Look for the word "intro" in the entries and copy every line where it shows up.

#### Data supplied

(* For every $n\ge 1$, the map $\mathcal I^C_{2n}(321)\to 2^{[n]}$, $\pi\mapsto E_\pi$, is a bijection. In particular $|\mathcal I^C_{2n}(321)|=2^n$, and every element of $\mathcal I^C_{2n}(321)$ is uniquely determined by its set of excedances lying in $[n]$.
   Context: $[n]=\{1,\dots,n\}$ and $2^{[n]}$ is the family of all subsets of $[n]$. A permutation $\pi\in\mathcal S_m$ is centrosymmetric if $\pi(i)+\pi(m+1-i)=m+1$ for all $i$; $\mathcal I^C_{m}(321)$ is the set of centrosymmetric involutions in $\mathcal S_m$ avoiding the pattern $321$. An excedance of $\pi$ is a position $i$ with $\pi(i)>i$; $\mathrm{Exc}(\pi)$ is the set of excedances, and for $\pi\in\mathcal I^C_{2n}(321)$, $E_\pi=\mathrm{Exc}(\pi)\cap[n]$. *)

theory Defs
  imports Main "HOL-Combinatorics.Permutations"
begin

text \<open>Permutations of [m] = {1..m} are functions nat => nat permuting {1..m}
  (identity outside).\<close>

definition centrosymmetric :: "nat \<Rightarrow> (nat \<Rightarrow> nat) \<Rightarrow> bool" where
  "centrosymmetric m \<pi> \<longleftrightarrow> (\<forall>i\<in>{1..m}. \<pi> i + \<pi> (m + 1 - i) = m + 1)"

definition involution_on :: "nat \<Rightarrow> (nat \<Rightarrow> nat) \<Rightarrow> bool" where
  "involution_on m \<pi> \<longleftrightarrow> (\<forall>i\<in>{1..m}. \<pi> (\<pi> i) = i)"

definition avoids321 :: "nat \<Rightarrow> (nat \<Rightarrow> nat) \<Rightarrow> bool" where
  "avoids321 m \<pi> \<longleftrightarrow>
     \<not> (\<exists>i j k. 1 \<le> i \<and> i < j \<and> j < k \<and> k \<le> m \<and> \<pi> i > \<pi> j \<and> \<pi> j > \<pi> k)"

definition IC321 :: "nat \<Rightarrow> (nat \<Rightarrow> nat) set" where
  "IC321 m = {\<pi>. \<pi> permutes {1..m} \<and> involution_on m \<pi> \<and> centrosymmetric m \<pi> \<and> avoids321 m \<pi>}"

definition Exc :: "nat \<Rightarrow> (nat \<Rightarrow> nat) \<Rightarrow> nat set" where
  "Exc m \<pi> = {i \<in> {1..m}. \<pi> i > i}"

definition Epi :: "nat \<Rightarrow> (nat \<Rightarrow> nat) \<Rightarrow> nat set" where
  "Epi n \<pi> = Exc (2 * n) \<pi> \<inter> {1..n}"

end

theory Submission imports Defs begin

text \<open>A 321-avoiding involution \<open>\<pi>\<close> is a system of arcs \<open>(a, \<pi> a)\<close> in which no arc spans a
  fixed point and at a non-excedance \<open>i\<close> the leftmost open arc closes (if any is open). Hence
  \<open>\<pi>\<close> is determined by its excedances, and even its deficiencies among \<open>1, \<dots>, k\<close> are
  determined by its excedances among \<open>1, \<dots>, k\<close>. For centrosymmetric \<open>\<pi>\<close> the excedances in
  the second half mirror the deficiencies in the first half, so \<open>\<pi>\<close> is determined by \<open>E\<^sub>\<pi>\<close>.
  Conversely, for \<open>S \<subseteq> [n]\<close> the positions outside \<open>S\<close> greedily close the arcs opened by \<open>S\<close>;
  mirroring this gives sets of excedances and deficiencies satisfying the ballot condition, and
  matching them in increasing order yields a 321-avoiding involution with \<open>E\<^sub>\<pi> = S\<close>. It is
  centrosymmetric because its reverse complement has the same excedances.\<close>

lemma avoids321I:
  "(\<And>i j k. 1 \<le> i \<Longrightarrow> i < j \<Longrightarrow> j < k \<Longrightarrow> k \<le> m \<Longrightarrow> p j < p i \<Longrightarrow> p k < p j \<Longrightarrow> False)
    \<Longrightarrow> avoids321 m p"
  unfolding avoids321_def by blast

lemma avoids321D:
  "avoids321 m p \<Longrightarrow> 1 \<le> i \<Longrightarrow> i < j \<Longrightarrow> j < k \<Longrightarrow> k \<le> m \<Longrightarrow> p j < p i \<Longrightarrow> p k < p j \<Longrightarrow> False"
  unfolding avoids321_def by blast

definition rank :: "nat set \<Rightarrow> nat \<Rightarrow> nat" where
  "rank X y = card {x \<in> X. x < y}"

lemma rank_0 [simp]: "rank X 0 = 0"
  unfolding rank_def by simp

lemma rank_le_card: "finite X \<Longrightarrow> rank X y \<le> card X"
  unfolding rank_def by (intro card_mono) auto

lemma rank_eq_card_if_subset: "X \<subseteq> {1..n} \<Longrightarrow> n < y \<Longrightarrow> rank X y = card X"
  unfolding rank_def by (rule arg_cong[where f = card]) auto

lemma rank_Suc: "finite X \<Longrightarrow> rank X (Suc y) = rank X y + (if y \<in> X then 1 else 0)"
proof -
  assume "finite X"
  have "{x \<in> X. x < Suc y} = (if y \<in> X then insert y {x \<in> X. x < y} else {x \<in> X. x < y})"
    by (auto simp: less_Suc_eq)
  with \<open>finite X\<close> show ?thesis
    unfolding rank_def by simp
qed

lemma rank_mono: "finite X \<Longrightarrow> y \<le> y' \<Longrightarrow> rank X y \<le> rank X y'"
  unfolding rank_def by (intro card_mono) auto

lemma rank_less_rank: "finite X \<Longrightarrow> y \<in> X \<Longrightarrow> y < y' \<Longrightarrow> rank X y < rank X y'"
  unfolding rank_def by (intro psubset_card_mono) auto

lemma rank_less_rank_iff:
  "finite X \<Longrightarrow> y \<in> X \<Longrightarrow> y' \<in> X \<Longrightarrow> rank X y < rank X y' \<longleftrightarrow> y < y'"
  by (metis rank_less_rank linorder_neq_iff order_less_asym)

lemma rank_eq_rank_iff:
  "finite X \<Longrightarrow> y \<in> X \<Longrightarrow> y' \<in> X \<Longrightarrow> rank X y = rank X y' \<longleftrightarrow> y = y'"
  by (metis rank_less_rank linorder_neq_iff less_irrefl)

lemma bij_betw_rank: "finite X \<Longrightarrow> bij_betw (rank X) X {..<card X}"
proof -
  assume fin: "finite X"
  have inj: "inj_on (rank X) X"
    using rank_eq_rank_iff[OF fin] by (auto intro: inj_onI)
  have "rank X ` X \<subseteq> {..<card X}"
    using fin unfolding rank_def by (auto intro!: psubset_card_mono)
  moreover have "card (rank X ` X) = card {..<card X}"
    using card_image[OF inj] by simp
  ultimately show ?thesis
    using inj card_subset_eq unfolding bij_betw_def by blast
qed

definition rank_match :: "nat set \<Rightarrow> nat set \<Rightarrow> nat \<Rightarrow> nat" where
  "rank_match A B x =
     (if x \<in> A then the_inv_into B (rank B) (rank A x)
      else if x \<in> B then the_inv_into A (rank A) (rank B x) else x)"

lemma rank_match_commute: "A \<inter> B = {} \<Longrightarrow> rank_match A B = rank_match B A"
  unfolding rank_match_def by (auto intro!: ext)

lemma rank_match_mem:
  assumes "finite A" "finite B" "card A = card B" "x \<in> A"
  shows "rank_match A B x \<in> B \<and> rank B (rank_match A B x) = rank A x"
proof -
  have bij: "bij_betw (rank B) B {..<card B}"
    using bij_betw_rank[OF assms(2)] .
  have "rank A x \<in> {..<card B}"
    using bij_betwE[OF bij_betw_rank[OF assms(1)]] assms(3,4) by auto
  then show ?thesis
    using assms(4) bij_betwE[OF bij_betw_the_inv_into[OF bij]] f_the_inv_into_f_bij_betw[OF bij]
    unfolding rank_match_def by auto
qed

text \<open>The matching pairs the \<open>k\<close>-th smallest element of \<open>A\<close> with the \<open>k\<close>-th smallest
  element of \<open>B\<close>. The ballot condition makes every element of \<open>A\<close> smaller than its partner,
  and the balance at fixed points means that no arc passes over a fixed point.\<close>

locale ballot_sets =
  fixes A B :: "nat set" and m :: nat
  assumes A_subset: "A \<subseteq> {1..m}" and B_subset: "B \<subseteq> {1..m}"
    and disjoint: "A \<inter> B = {}" and card_eq: "card A = card B"
    and ballot: "\<And>t. rank B t \<le> rank A t"
    and balanced_at_fixed_points: "\<And>f. f \<in> {1..m} \<Longrightarrow> f \<notin> A \<Longrightarrow> f \<notin> B \<Longrightarrow> rank B f = rank A f"
begin

abbreviation match :: "nat \<Rightarrow> nat" where
  "match \<equiv> rank_match A B"

lemma finite_A: "finite A" and finite_B: "finite B"
  using A_subset B_subset finite_subset by blast+

lemma match_A: "x \<in> A \<Longrightarrow> match x \<in> B \<and> rank B (match x) = rank A x"
  using rank_match_mem finite_A finite_B card_eq by blast

lemma match_B: "x \<in> B \<Longrightarrow> match x \<in> A \<and> rank A (match x) = rank B x"
  using rank_match_mem[of B A x] finite_A finite_B card_eq rank_match_commute[OF disjoint]
  by simp

lemma match_fixed: "x \<notin> A \<Longrightarrow> x \<notin> B \<Longrightarrow> match x = x"
  unfolding rank_match_def by simp

lemma match_match: "match (match x) = x"
proof -
  consider "x \<in> A" | "x \<in> B" | "x \<notin> A" "x \<notin> B"
    by blast
  then show ?thesis
  proof cases
    case 1
    then show ?thesis
      using match_A match_B rank_eq_rank_iff[OF finite_A] by metis
  next
    case 2
    then show ?thesis
      using match_A match_B rank_eq_rank_iff[OF finite_B] by metis
  qed (simp add: match_fixed)
qed

lemma less_match_if_A:
  assumes "a \<in> A"
  shows "a < match a"
proof (rule ccontr)
  assume "\<not> a < match a"
  moreover have "match a \<noteq> a"
    using match_A[OF assms] assms disjoint by auto
  ultimately have "Suc (match a) \<le> a"
    by simp
  then have "rank A (Suc (match a)) \<le> rank A a"
    by (rule rank_mono[OF finite_A])
  also have "\<dots> < rank B (Suc (match a))"
    using match_A[OF assms] rank_Suc[OF finite_B] by simp
  finally show False
    using ballot leD by blast
qed

lemma match_less_if_B: "b \<in> B \<Longrightarrow> match b < b"
  using less_match_if_A match_B match_match by metis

########

__Result of this exercise__
  unfolding rank_def by (intro card_mono) auto
  unfolding rank_def by (intro card_mono) auto
  unfolding rank_def by (intro psubset_card_mono) auto
    using rank_eq_rank_iff[OF fin] by (auto intro: inj_onI)
    using fin unfolding rank_def by (auto intro!: psubset_card_mono)
  unfolding rank_match_def by (auto intro!: ext)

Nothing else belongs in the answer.